==== PROVIDED DATA ====

text \<open>Derivative along n of the weight W = phi vol / (-g(n,V)), combining identities (1) and (2).\<close>

lemma weight_derivative_along_normal:
  assumes pU: "p \<in> U" and phi: "phi differentiable (at p)"
  defines "W \<equiv> \<lambda>q. phi q * metric_volume g q / (- gnV g nf q)"
  shows "W differentiable (at p)"
    and "dirderiv nf W p
       = (dirderiv nf phi p + phi p * ((\<Sum>a\<in>UNIV. \<Sum>b\<in>UNIV. christoffel g a a b p * nf p $ b) - kappa p))
           * metric_volume g p / (- gnV g nf p)
         + W p * (\<Sum>a\<in>UNIV. \<Sum>b\<in>UNIV. pd None (\<lambda>q. g q $ a $ b) p * nf p $ a * nf p $ b) / (2 * (- gnV g nf p))"
proof -
  define psi where "psi = - gnV g nf p"
  let ?vol = "metric_volume g p"
  have dvol: "metric_volume g differentiable (at p)" by (rule volume_derivative(1)[OF pU])
  have dgnV: "gnV g nf differentiable (at p)" by (rule gnV_derivative(1)[OF pU])
  have dnum: "(\<lambda>q. phi q * metric_volume g q) differentiable (at p)" using phi dvol by simp
  have dden: "(\<lambda>q. - gnV g nf q) differentiable (at p)" using dgnV by simp
  have psi0: "- gnV g nf p \<noteq> 0" using gnV_nonzero[OF pU] by simp
  show "W differentiable (at p)" unfolding W_def by (rule differentiable_divide[OF dnum dden psi0])
  have dW: "pd c W p = (pd c phi p * ?vol + phi p * pd c (metric_volume g) p) / psi
      + phi p * ?vol * pd c (gnV g nf) p / psi^2" for c
    unfolding W_def pd_def FD_divide[OF dnum dden psi0] FD_mult[OF phi dvol] FD_minus[OF dgnV] psi_def
    by simp
  let ?dphi = "\<lambda>c. nf p $ c * pd c phi p"
  let ?dvol = "\<lambda>c. nf p $ c * pd c (metric_volume g) p"
  let ?dgnV = "\<lambda>c. nf p $ c * pd c (gnV g nf) p"
  have "dirderiv nf W p = (\<Sum>c\<in>UNIV. (?dphi c * ?vol + phi p * ?dvol c) / psi + phi p * ?vol * ?dgnV c / psi^2)"
    unfolding dirderiv_def dW by (simp add: algebra_simps add_divide_distrib)
  also have "\<dots> = ((\<Sum>c\<in>UNIV. ?dphi c) * ?vol + phi p * (\<Sum>c\<in>UNIV. ?dvol c)) / psi
      + phi p * ?vol * (\<Sum>c\<in>UNIV. ?dgnV c) / psi^2"
    by (simp add: sum.distrib sum_divide_distrib sum_distrib_left sum_distrib_right add_divide_distrib)
  also have "(\<Sum>c\<in>UNIV. ?dvol c) = ?vol * (\<Sum>a\<in>UNIV. \<Sum>b\<in>UNIV. christoffel g a a b p * nf p $ b)"
    using volume_derivative_along[OF pU, of nf] unfolding dirderiv_def .
  also have "(\<Sum>c\<in>UNIV. ?dgnV c) = kappa p * (- psi)
      + (\<Sum>a\<in>UNIV. \<Sum>b\<in>UNIV. pd None (\<lambda>q. g q $ a $ b) p * nf p $ a * nf p $ b) / 2"
    using gnV_derivative_along_normal[OF pU] unfolding dirderiv_def psi_def by simp
  finally have derivative: "dirderiv nf W p = (dirderiv nf phi p * ?vol
        + phi p * (?vol * (\<Sum>a\<in>UNIV. \<Sum>b\<in>UNIV. christoffel g a a b p * nf p $ b))) / psi
      + phi p * ?vol * (kappa p * (- psi)
        + (\<Sum>a\<in>UNIV. \<Sum>b\<in>UNIV. pd None (\<lambda>q. g q $ a $ b) p * nf p $ a * nf p $ b) / 2) / psi^2"
    unfolding dirderiv_def .
  have "W p = phi p * ?vol / psi" by (simp add: W_def psi_def)
  then show "dirderiv nf W p
       = (dirderiv nf phi p + phi p * ((\<Sum>a\<in>UNIV. \<Sum>b\<in>UNIV. christoffel g a a b p * nf p $ b) - kappa p))
           * ?vol / (- gnV g nf p)
         + W p * (\<Sum>a\<in>UNIV. \<Sum>b\<in>UNIV. pd None (\<lambda>q. g q $ a $ b) p * nf p $ a * nf p $ b) / (2 * (- gnV g nf p))"
    using psi0 unfolding derivative psi_def[symmetric]
    by (simp add: field_simps power2_eq_square)
qed

text \<open>Divergence of a flux F_i = W n^i along the graph, for a differentiable spacetime
  weight W: the chain rule and the tangency of n regroup it as n(W) + W d_a n^a plus
  W times the transversal term of identity (3).\<close>

lemma tangent_flux_divergence:
  assumes x: "x \<in> Om" and dW: "W differentiable (at (h x, x))"
    and F: "\<And>i y. y \<in> Om \<Longrightarrow> F i y = W (h y, y) * nf (h y, y) $ Some i"
  defines "p \<equiv> (h x, x)"
  shows "F i differentiable (at x)"
    and "(\<Sum>i\<in>UNIV. spd i (F i) x)
       = dirderiv nf W p + W p * (\<Sum>c\<in>UNIV. pd c (\<lambda>q. nf q $ c) p)
         + W p * ((\<Sum>i\<in>UNIV. pd None (\<lambda>q. nf q $ Some i) p * spd i h x) - pd None (\<lambda>q. nf q $ None) p)"
proof -
  have pU: "p \<in> U" using graph_in_chart x p_def by blast
  have dflux: "(\<lambda>q. W q * nf q $ Some j) differentiable (at p)" for j
    using dW normal_differentiable[OF pU] p_def by simp
  have F_graph: "W (h y, y) * nf (h y, y) $ Some j = F j y" if "y \<in> Om" for j y
    using F[OF that] by simp
  note graph = spd_graph_composition[OF dflux[unfolded p_def] graph_differentiable[OF x]]
  show "F i differentiable (at x)" by (rule spd_local(1)[OF graph(1) base_open x F_graph])
  have chain: "spd j (F j) x = pd (Some j) (\<lambda>q. W q * nf q $ Some j) p
      + pd None (\<lambda>q. W q * nf q $ Some j) p * spd j h x" for j
    using spd_local(2)[OF graph(1) base_open x F_graph] graph(2) p_def by simp
  have product: "pd c (\<lambda>q. W q * nf q $ Some j) p
      = pd c W p * nf p $ Some j + W p * pd c (\<lambda>q. nf q $ Some j) p" for c j
    unfolding pd_def by (rule FD_mult[OF dW[folded p_def] normal_differentiable[OF pU]])
  show "(\<Sum>i\<in>UNIV. spd i (F i) x)
       = dirderiv nf W p + W p * (\<Sum>c\<in>UNIV. pd c (\<lambda>q. nf q $ c) p)
         + W p * ((\<Sum>i\<in>UNIV. pd None (\<lambda>q. nf q $ Some i) p * spd i h x) - pd None (\<lambda>q. nf q $ None) p)"
    unfolding chain product dirderiv_def
    by (rule graph_total_divergence[where A = "\<lambda>c. pd c W p" and N = "\<lambda>a. nf p $ a"
          and dN = "\<lambda>c a. pd c (\<lambda>q. nf q $ a) p" and s = "\<lambda>i. spd i h x"])
      (simp add: p_def normal_time_component[OF x])
qed
lemma mmult_le: "(\<And>k. X a k * Y k b \<le> c) \<Longrightarrow> (X \<otimes>\<^sub>m Y) a b \<le> c"
  using mmult_attained by metis

lemma nonneg_mat_mmult: "nonneg_mat X \<Longrightarrow> nonneg_mat Y \<Longrightarrow> nonneg_mat (X \<otimes>\<^sub>m Y)"
  unfolding nonneg_mat_def by (meson mmult_ge mult_nonneg_nonneg order_trans)

lemma nonneg_mat_mone: "nonneg_mat mone"
  unfolding nonneg_mat_def mone_def by auto

lemma nonneg_mat_mpow: "nonneg_mat X \<Longrightarrow> nonneg_mat (mpow X m)"
  by (induction m) (auto intro: nonneg_mat_mmult nonneg_mat_mone)

lemma mpow_nonneg: "nonneg_mat X \<Longrightarrow> 0 \<le> mpow X m a b"
  using nonneg_mat_mpow unfolding nonneg_mat_def by blast

lemma mmult_assoc:
  assumes X: "nonneg_mat X" and Z: "nonneg_mat Z"
  shows "(X \<otimes>\<^sub>m Y) \<otimes>\<^sub>m Z = X \<otimes>\<^sub>m (Y \<otimes>\<^sub>m Z)"
proof (intro ext antisym)
  fix a b
  show "((X \<otimes>\<^sub>m Y) \<otimes>\<^sub>m Z) a b \<le> (X \<otimes>\<^sub>m (Y \<otimes>\<^sub>m Z)) a b"
  proof (rule mmult_le)
    fix k
    obtain l where l: "(X \<otimes>\<^sub>m Y) a k = X a l * Y l k" using mmult_attained by metis
    have "X a l * (Y l k * Z k b) \<le> X a l * (Y \<otimes>\<^sub>m Z) l b"
      using X mmult_ge unfolding nonneg_mat_def by (metis mult_left_mono)
    also have "\<dots> \<le> (X \<otimes>\<^sub>m (Y \<otimes>\<^sub>m Z)) a b" by (rule mmult_ge)
    finally show "(X \<otimes>\<^sub>m Y) a k * Z k b \<le> (X \<otimes>\<^sub>m (Y \<otimes>\<^sub>m Z)) a b"
      by (simp add: l mult.assoc)
  qed
  show "(X \<otimes>\<^sub>m (Y \<otimes>\<^sub>m Z)) a b \<le> ((X \<otimes>\<^sub>m Y) \<otimes>\<^sub>m Z) a b"
  proof (rule mmult_le)
    fix k
    obtain l where l: "(Y \<otimes>\<^sub>m Z) k b = Y k l * Z l b" using mmult_attained by metis
    have "X a k * Y k l * Z l b \<le> (X \<otimes>\<^sub>m Y) a l * Z l b"
      using Z mmult_ge unfolding nonneg_mat_def by (metis mult_right_mono)
    also have "\<dots> \<le> ((X \<otimes>\<^sub>m Y) \<otimes>\<^sub>m Z) a b" by (rule mmult_ge)
    finally show "X a k * (Y \<otimes>\<^sub>m Z) k b \<le> ((X \<otimes>\<^sub>m Y) \<otimes>\<^sub>m Z) a b"
      by (simp add: l mult.assoc)
  qed
qed

lemma mone_mmult: assumes "nonneg_mat X" shows "mone \<otimes>\<^sub>m X = X"
proof (intro ext antisym)
  fix a b
  show "(mone \<otimes>\<^sub>m X) a b \<le> X a b"
    by (rule mmult_le) (use assms in \<open>auto simp: mone_def nonneg_mat_def\<close>)
  show "X a b \<le> (mone \<otimes>\<^sub>m X) a b" using mmult_ge[of mone a a X b] by (simp add: mone_def)
qed

lemma mmult_mone: assumes "nonneg_mat X" shows "X \<otimes>\<^sub>m mone = X"
proof (intro ext antisym)
  fix a b
  show "(X \<otimes>\<^sub>m mone) a b \<le> X a b"
    by (rule mmult_le) (use assms in \<open>auto simp: mone_def nonneg_mat_def\<close>)
  show "X a b \<le> (X \<otimes>\<^sub>m mone) a b" using mmult_ge[of X a b mone b] by (simp add: mone_def)
qed

lemma mpow_1: "nonneg_mat X \<Longrightarrow> mpow X 1 = X"
  by (simp add: mone_mmult)

lemma mpow_add: assumes "nonneg_mat X" shows "mpow X (m + k) = mpow X m \<otimes>\<^sub>m mpow X k"
proof (induction k)
  case 0 then show ?case using mmult_mone[OF nonneg_mat_mpow[OF assms]] by simp
next
  case (Suc k) then show ?case using mmult_assoc[OF nonneg_mat_mpow[OF assms] assms] by simp
qed

lemma mpow_mult: assumes "nonneg_mat X" shows "mpow X (m * k) = mpow (mpow X m) k"
proof (induction k)
  case 0 then show ?case by simp
next
  case (Suc k)
  have "mpow X (m * Suc k) = mpow X (m * k + m)" by (simp add: algebra_simps)
  then show ?case using Suc mpow_add[OF assms] by simp
qed

lemma one_le_mpow_diag:
  assumes X: "nonneg_mat X" and c: "1 \<le> X c c"
  shows "1 \<le> mpow X k c c"
proof (induction k)
  case 0 then show ?case by (simp add: mone_def)
next
  case (Suc k)
  have "1 * 1 \<le> mpow X k c c * X c c" by (rule mult_mono) (use Suc c in auto)
  also have "\<dots> \<le> mpow X (Suc k) c c" by (simp add: mmult_ge)
  finally show ?case by simp
qed

section \<open>Walks and circuits\<close>

definition walk_weight :: "('n::finite) mat \<Rightarrow> (nat \<Rightarrow> 'n) \<Rightarrow> nat \<Rightarrow> real" where
  "walk_weight B f m = (\<Prod>k<m. B (f k) (f (Suc k)))"

lemma walk_weight_nonneg: "nonneg_mat B \<Longrightarrow> 0 \<le> walk_weight B f m"
  unfolding walk_weight_def nonneg_mat_def by (simp add: prod_nonneg)

lemma walk_weight_le_mpow:
  assumes "nonneg_mat B" shows "walk_weight B f m \<le> mpow B m (f 0) (f m)"
proof (induction m)
  case 0 then show ?case by (simp add: walk_weight_def mone_def)
next
  case (Suc m)
  have "walk_weight B f (Suc m) = walk_weight B f m * B (f m) (f (Suc m))"
    by (simp add: walk_weight_def)
  also have "\<dots> \<le> mpow B m (f 0) (f m) * B (f m) (f (Suc m))"
    using Suc assms unfolding nonneg_mat_def by (simp add: mult_right_mono)
  also have "\<dots> \<le> mpow B (Suc m) (f 0) (f (Suc m))" by (simp add: mmult_ge)
  finally show ?case .
qed

lemma mpow_attained_by_walk:
  "mpow B m a b = 0 \<or> (\<exists>f. f 0 = a \<and> f m = b \<and> mpow B m a b = walk_weight B f m)"
proof (induction m arbitrary: b)
  case 0 then show ?case
    by (cases "a = b") (auto simp: mone_def walk_weight_def intro: exI[of _ "\<lambda>_. a"])
next
  case (Suc m)
  obtain d where d: "mpow B (Suc m) a b = mpow B m a d * B d b"
    using mmult_attained[of "mpow B m" B a b] by auto
  from Suc.IH[of d] show ?case
  proof
    assume "\<exists>f. f 0 = a \<and> f m = d \<and> mpow B m a d = walk_weight B f m"
    then obtain f where f: "f 0 = a" "f m = d" "mpow B m a d = walk_weight B f m" by blast
    have "walk_weight B (f(Suc m := b)) m = walk_weight B f m"
      unfolding walk_weight_def by (intro prod.cong) auto
    then have "mpow B (Suc m) a b = walk_weight B (f(Suc m := b)) (Suc m)"
      using d f by (simp add: walk_weight_def)
    moreover have "(f(Suc m := b)) 0 = a" "(f(Suc m := b)) (Suc m) = b" using f by auto
    ultimately show ?case by blast
  qed (use d in simp)
qed

definition circuit_weight :: "('n::finite) mat \<Rightarrow> 'n list \<Rightarrow> real" where
  "circuit_weight A xs = (\<Prod>k<length xs. A (xs ! k) (xs ! ((k + 1) mod length xs)))"

lemma circuit_weight_eq_walk_weight:
  assumes "xs \<noteq> []"
  shows "circuit_weight A xs = walk_weight A (\<lambda>k. xs ! (k mod length xs)) (length xs)"
  unfolding circuit_weight_def walk_weight_def by (rule prod.cong) (auto simp: mod_Suc)

lemma circuit_weight_eq_cgm_pow:
  assumes "nonneg_mat A" and "xs \<in> circuits A"
  shows "circuit_weight A xs = cgm A xs ^ length xs"
proof -
  have "0 \<le> circuit_weight A xs"
    using assms(1) unfolding circuit_weight_def nonneg_mat_def by (simp add: prod_nonneg)
  moreover have "0 < length xs" using assms(2) unfolding circuits_def by auto
  ultimately show ?thesis
    unfolding cgm_def circuit_weight_def[symmetric] by (simp add: real_root_pow_pos2)
qed

lemma length_circuit_le_card:
  fixes B :: "('n::finite) mat"
  assumes "xs \<in> circuits B"
  shows "length xs \<le> CARD('n)"
proof -
  have "length xs = card (set xs)" using assms by (simp add: circuits_def distinct_card)
  also have "\<dots> \<le> CARD('n)" by (rule card_mono) auto
  finally show ?thesis .
qed

lemma finite_circuits: "finite (circuits (B::('n::finite) mat))"
proof (rule finite_subset)
  show "circuits B \<subseteq> {xs. set xs \<subseteq> UNIV \<and> length xs \<le> CARD('n)}"
    using length_circuit_le_card by blast
qed (rule finite_lists_length_le, simp)

lemma cgm_le_mcgm: "xs \<in> circuits B \<Longrightarrow> cgm B xs \<le> mcgm B"
  unfolding mcgm_def by (rule Max_ge) (auto simp: finite_circuits)

lemma mcgm_nonneg: "0 \<le> mcgm B"
  unfolding mcgm_def by (rule Max_ge) (auto simp: finite_circuits)

lemma circuit_weight_le_mcgm_pow:
  assumes "nonneg_mat B" and xs: "xs \<in> circuits B"
  shows "circuit_weight B xs \<le> mcgm B ^ length xs"
proof -
  have "0 \<le> cgm B xs" unfolding cgm_def using assms(1)
    by (simp add: nonneg_mat_def prod_nonneg real_root_ge_zero)
  then show ?thesis using circuit_weight_eq_cgm_pow[OF assms] cgm_le_mcgm[OF xs]
    by (simp add: power_mono)
qed
(* Let $X$ be a real topological vector space and let $C\subseteq X$ be convex. Then $\operatorname{fri} C$ is a convex subset of $C$.
   Context: For a convex set $C$ in a real vector space, a convex subset $F\subseteq C$ is a face of $C$ if for every $x\in F$ and all $y,z\in C$ with $x\in(y,z)$ we have $y,z\in F$, where $(y,z)=\{(1-t)y+tz: t\in(0,1)\}$ is the open segment. For $x\in C$, $F_{\min}(x,C)$ denotes the minimal face of $C$ containing $x$ (the intersection of all faces of $C$ containing $x$). The face relative interior is $\operatorname{fri} C=\{x\in C: C\subseteq \overline{F_{\min}(x,C)}\}$, where the bar denotes topological closure in $X$. *)

theory Defs
  imports "HOL-Analysis.Analysis"
begin

class topological_real_vector = real_vector + topological_space +
  assumes tendsto_add_tvs:
    "((\<lambda>p::'a \<times> 'a. fst p + snd p) \<longlongrightarrow> a + b) (nhds a \<times>\<^sub>F nhds b)"
  assumes tendsto_scaleR_tvs:
    "((\<lambda>p::real \<times> 'a. fst p *\<^sub>R snd p) \<longlongrightarrow> r *\<^sub>R b) (nhds r \<times>\<^sub>F nhds b)"

definition F_min :: "'a::real_vector \<Rightarrow> 'a set \<Rightarrow> 'a set" where
  "F_min x C = \<Inter> {F. F face_of C \<and> x \<in> F}"

definition fri :: "'a::{real_vector,topological_space} set \<Rightarrow> 'a set" where
  "fri C = {x \<in> C. C \<subseteq> closure (F_min x C)}"

end

theory Submission
  imports Defs
begin

text \<open>Every face of C containing a point of the open segment from x to y contains x, so along
such a segment the minimal face can only grow. Hence the open segment from a point of fri C to
any point of C stays in fri C; only one endpoint needs to lie in fri C.\<close>

lemma F_min_subset_open_segment:
  assumes "x \<in> C" "y \<in> C" "z \<in> open_segment x y"
  shows "F_min x C \<subseteq> F_min z C"
  unfolding F_min_def
proof (rule Inter_greatest)
  fix F assume "F \<in> {F. F face_of C \<and> z \<in> F}"
  then have F: "F face_of C" "z \<in> F" by auto
  then have "x \<in> F" using assms face_ofD by blast
  with F show "\<Inter> {F. F face_of C \<and> x \<in> F} \<subseteq> F" by blast
qed

lemma fri_subset: "fri C \<subseteq> C"
  unfolding fri_def by auto

lemma open_segment_subset_fri:
  assumes "convex C" "x \<in> fri C" "y \<in> C"
  shows "open_segment x y \<subseteq> fri C"
proof
  fix z assume z: "z \<in> open_segment x y"
  have xC: "x \<in> C" and "C \<subseteq> closure (F_min x C)"
    using assms(2) unfolding fri_def by auto
  moreover have "F_min x C \<subseteq> F_min z C"
    using F_min_subset_open_segment xC assms(3) z .
  ultimately have "C \<subseteq> closure (F_min z C)"
    using closure_mono by blast
  moreover have "z \<in> C"
    using assms(1) xC assms(3) z convex_contains_open_segment by blast
  ultimately show "z \<in> fri C"
    unfolding fri_def by blast
qed

theorem proposition2p1:
  fixes C :: "'a::topological_real_vector set"
  assumes "convex C"
  shows "convex (fri C) \<and> fri C \<subseteq> C"
proof
  show "convex (fri C)"
    unfolding convex_contains_open_segment
    using open_segment_subset_fri[OF assms] fri_subset by blast
qed (rule fri_subset)

end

====

Copy, from the material above, each line in which the string "point" occurs.

text \<open>Every face of C containing a point of the open segment from x to y contains x, so along
such a segment the minimal face can only grow. Hence the open segment from a point of fri C to
any point of C stays in fri C; only one endpoint needs to lie in fri C.\<close>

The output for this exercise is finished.